Funded by: DFG (German Research Foundation)
Contact person: Victor Oldhues
Summary of the project:
Mechanochemistry is regarded as green chemistry, as it can significantly reduce solvent use compared to conventional wet chemistry. Furthermore, in mechanochemical reactions, the required energy is supplied mechanically and the reactions are often energy-efficient. Such reactions are often carried out in different types of ball mills, usually used in comminution processes. The mechanical forces break existing chemical bonds or introduce other defects at the molecular level, so that the reactants are mechanically activated and, thus, become reactive. However, the exact mechanistic background of such reactions is still subject of current research and several different theories exist simultaneously.

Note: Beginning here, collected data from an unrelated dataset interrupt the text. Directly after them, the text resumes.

(* Let $F=F(A,p,u,x)$ be a $C^{2}$ function of $(A,p,u,x)\in\mathcal{S}^N\times\mathbb{R}^N\times\mathbb{R}\times\Omega$, $\Omega\subset\mathbb{R}^N=\mathbb{R}^{N'}\times\mathbb{R}^{N''}$. The condition $$\text{for each fixed }(p',x''),\ (a,b,c,p'',u,x')\mapsto F\left(\begin{pmatrix} a^{-1} & a^{-1}b\\ (a^{-1}b)^T & c+b^Ta^{-1}b\end{pmatrix},p',p'',u,x',x''\right)\text{ is locally convex}$$ is equivalent to the following: at every point $(A,p,u,x)$ with $A=\begin{pmatrix} a& b\\ b^T& c\end{pmatrix}$, $a$ positive definite, and for every $\widetilde X=((X_{ab}),(X_\alpha),Y,(Z_i))\in\mathcal{S}^N\times\mathbb{R}^{N''}\times\mathbb{R}\times\mathbb{R}^{N'}$, $$\begin{aligned} &\sum_{a,b,c,d=1}^N F^{ab,cd}X_{ab}X_{cd}+2\sum_{a,b=1}^N\sum_{k,l=1}^{N'}F^{ab}a^{kl}X_{ka}X_{lb}+2\sum_{a,b=1}^N\sum_{\alpha=N'+1}^N F^{ab,p_\alpha}X_{ab}X_\alpha\\ &+2\sum_{a,b=1}^N F^{ab,u}X_{ab}Y+2\sum_{a,b=1}^N\sum_{i=1}^{N'}F^{ab,x_i}X_{ab}Z_i+\sum_{\alpha,\beta=N'+1}^N F^{p_\alpha,p_\beta}X_\alpha X_\beta+2\sum_{\alpha=N'+1}^N F^{p_\alpha,u}X_\alpha Y\\ &+2\sum_{\alpha=N'+1}^N\sum_{i=1}^{N'}F^{p_\alpha,x_i}X_\alpha Z_i+F^{u,u}Y^2+2\sum_{i=1}^{N'}F^{u,x_i}YZ_i+\sum_{i,j=1}^{N'}F^{x_i,x_j}Z_iZ_j\ \ge 0, \end{aligned}$$ where all derivatives of $F$ are evaluated at $(A,p,u,x)$ and $(a^{kl})=a^{-1}$.
   Context: $N=N'+N''$; $x=(x',x'')$, $p=(p',p'')$ with primed parts in $\mathbb{R}^{N'}$ and double-primed parts in $\mathbb{R}^{N''}$; the components $X_\alpha$ of $\widetilde X$ are indexed by $\alpha=N'+1,\dots,N$ and $Z_i$ by $i=1,\dots,N'$. $\mathcal{S}^n$ is the set of real symmetric $n\times n$ matrices; $A\in\mathcal{S}^N$ is written $\begin{pmatrix} a& b\\ b^T& c\end{pmatrix}$ with $a\in\mathcal{S}^{N'}$, $b\in\mathbb{R}^{N'\times N''}$, $c\in\mathcal{S}^{N''}$. Notation: $F^{ab}=\partial F/\partial A_{ab}$, $F^{ab,cd}=\partial^2F/\partial A_{ab}\partial A_{cd}$, $F^{ab,p_c}=\partial^2F/\partial A_{ab}\partial p_c$, $F^{ab,u}=\partial^2F/\partial A_{ab}\partial u$, $F^{ab,x_i}=\partial^2F/\partial A_{ab}\partial x_i$, $F^{p_a,p_b}=\partial^2F/\partial p_a\partial p_b$, $F^{p_a,u}$, $F^{p_a,x_i}$, $F^{u,u}$, $F^{u,x_i}$, $F^{x_i,x_j}$ the corresponding second partial derivatives. *)

theory Defs
  imports "HOL-Analysis.Analysis"
begin

type_synonym ('n1,'n2) pt =
  "(real^('n1 + 'n2)^('n1 + 'n2)) \<times> (real^('n1 + 'n2)) \<times> real \<times> (real^('n1 + 'n2))"

text \<open>Index set of R^N = R^N' x R^N'': the sum type 'n1 + 'n2
  (Inl i : the first N' coordinates, Inr alpha : the last N'' coordinates).\<close>

definition vjoin :: "real^'n1::finite \<Rightarrow> real^'n2 \<Rightarrow> real^('n1 + 'n2)" where
  "vjoin x1 x2 = (\<chi> r. case r of Inl i \<Rightarrow> x1 $ i | Inr j \<Rightarrow> x2 $ j)"

definition mkblk :: "real^'n1::finite^'n1 \<Rightarrow> real^'n2::finite^'n1 \<Rightarrow> real^'n2^'n2
    \<Rightarrow> real^('n1 + 'n2)^('n1 + 'n2)" where
  "mkblk P Q R = (\<chi> r s. case r of
       Inl i \<Rightarrow> (case s of Inl j \<Rightarrow> P $ i $ j | Inr \<beta> \<Rightarrow> Q $ i $ \<beta>)
     | Inr \<alpha> \<Rightarrow> (case s of Inl j \<Rightarrow> Q $ j $ \<alpha> | Inr \<beta> \<Rightarrow> R $ \<alpha> $ \<beta>))"

definition ul_block :: "real^('n1::finite + 'n2::finite)^('n1 + 'n2) \<Rightarrow> real^'n1^'n1" where
  "ul_block A = (\<chi> i j. A $ Inl i $ Inl j)"

definition symmetric_mat :: "real^'n::finite^'n \<Rightarrow> bool" where
  "symmetric_mat A \<longleftrightarrow> transpose A = A"

definition pos_def :: "real^'n::finite^'n \<Rightarrow> bool" where
  "pos_def a \<longleftrightarrow> symmetric_mat a \<and> (\<forall>v. v \<noteq> 0 \<longrightarrow> v \<bullet> (a *v v) > 0)"

text \<open>Symmetrisation; F is only given on symmetric matrices, so smoothness of F on
  S^N x R^N x R x Omega is expressed as smoothness of F composed with the linear
  projection onto S^N.\<close>
definition symm :: "real^'n::finite^'n \<Rightarrow> real^'n^'n" where
  "symm A = (1/2) *\<^sub>R (A + transpose A)"

definition sym_ext :: "(real^'n::finite^'n \<Rightarrow> real^'n \<Rightarrow> real \<Rightarrow> real^'n \<Rightarrow> real)
    \<Rightarrow> ((real^'n^'n) \<times> (real^'n) \<times> real \<times> (real^'n)) \<Rightarrow> real" where
  "sym_ext F = (\<lambda>(A, p, u, x). F (symm A) p u x)"

definition C2_derivs :: "('v::real_normed_vector \<Rightarrow> real) \<Rightarrow> ('v \<Rightarrow> 'v \<Rightarrow> real)
    \<Rightarrow> ('v \<Rightarrow> 'v \<Rightarrow> 'v \<Rightarrow> real) \<Rightarrow> 'v set \<Rightarrow> bool" where
  "C2_derivs f Df D2f S \<longleftrightarrow>
     open S \<and>
     (\<forall>z\<in>S. (f has_derivative Df z) (at z)) \<and>
     (\<forall>z\<in>S. \<forall>h. ((\<lambda>w. Df w h) has_derivative D2f z h) (at z)) \<and>
     (\<forall>h k. continuous_on S (\<lambda>z. D2f z h k))"

definition locally_convex_on :: "'v::real_normed_vector set \<Rightarrow> ('v \<Rightarrow> real) \<Rightarrow> bool" where
  "locally_convex_on D g \<longleftrightarrow> (\<forall>w\<in>D. \<exists>e>0. convex_on (ball w e \<inter> D) g)"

The aim of this project is to elucidate the driving forces of mechanochemical reactions in ball mills by quantitatively linking mechanical stress conditions with the kinetics of a CaCO₃‑synthesis as a model reaction. In dedicated setups for impact, compressive and shear stress, the first step is to determine which type of stress contributes most significantly to the progress of a mechanochemical reaction. Afterwards, the model reaction will be investigated in a simple milling system by systematically quantifying the influence of several operating parameters on both the stress conditions and the chemical conversion. It will be derived to which extent the characteristic parameters such as stress intensity and frequency affect the reaction kinetics. The aim is to separate between effects related to comminution and those related to the reaction, as well as to clarify the role of temperature. It is expected that the mechanical forces will influence the reaction by promoting particle defects, forming new particle contacts and affecting local temperature development. Where appropriate, mixing and flowability effects may be investigated. The findings obtained will be transferred to various laboratory-scale grinding media mills, including a planetary, a high-energy and a mixer ball mill, for which both experiments and DEM simulations are to be carried out. To evaluate the results, a suitable stress model originating from comminution processes will be applied to the mechanochemical process. It is expected that the total specific energy input and the energy supply in a single stress event are decisive for the reaction kinetics.
Project partners: Ruhr-Universität Bochum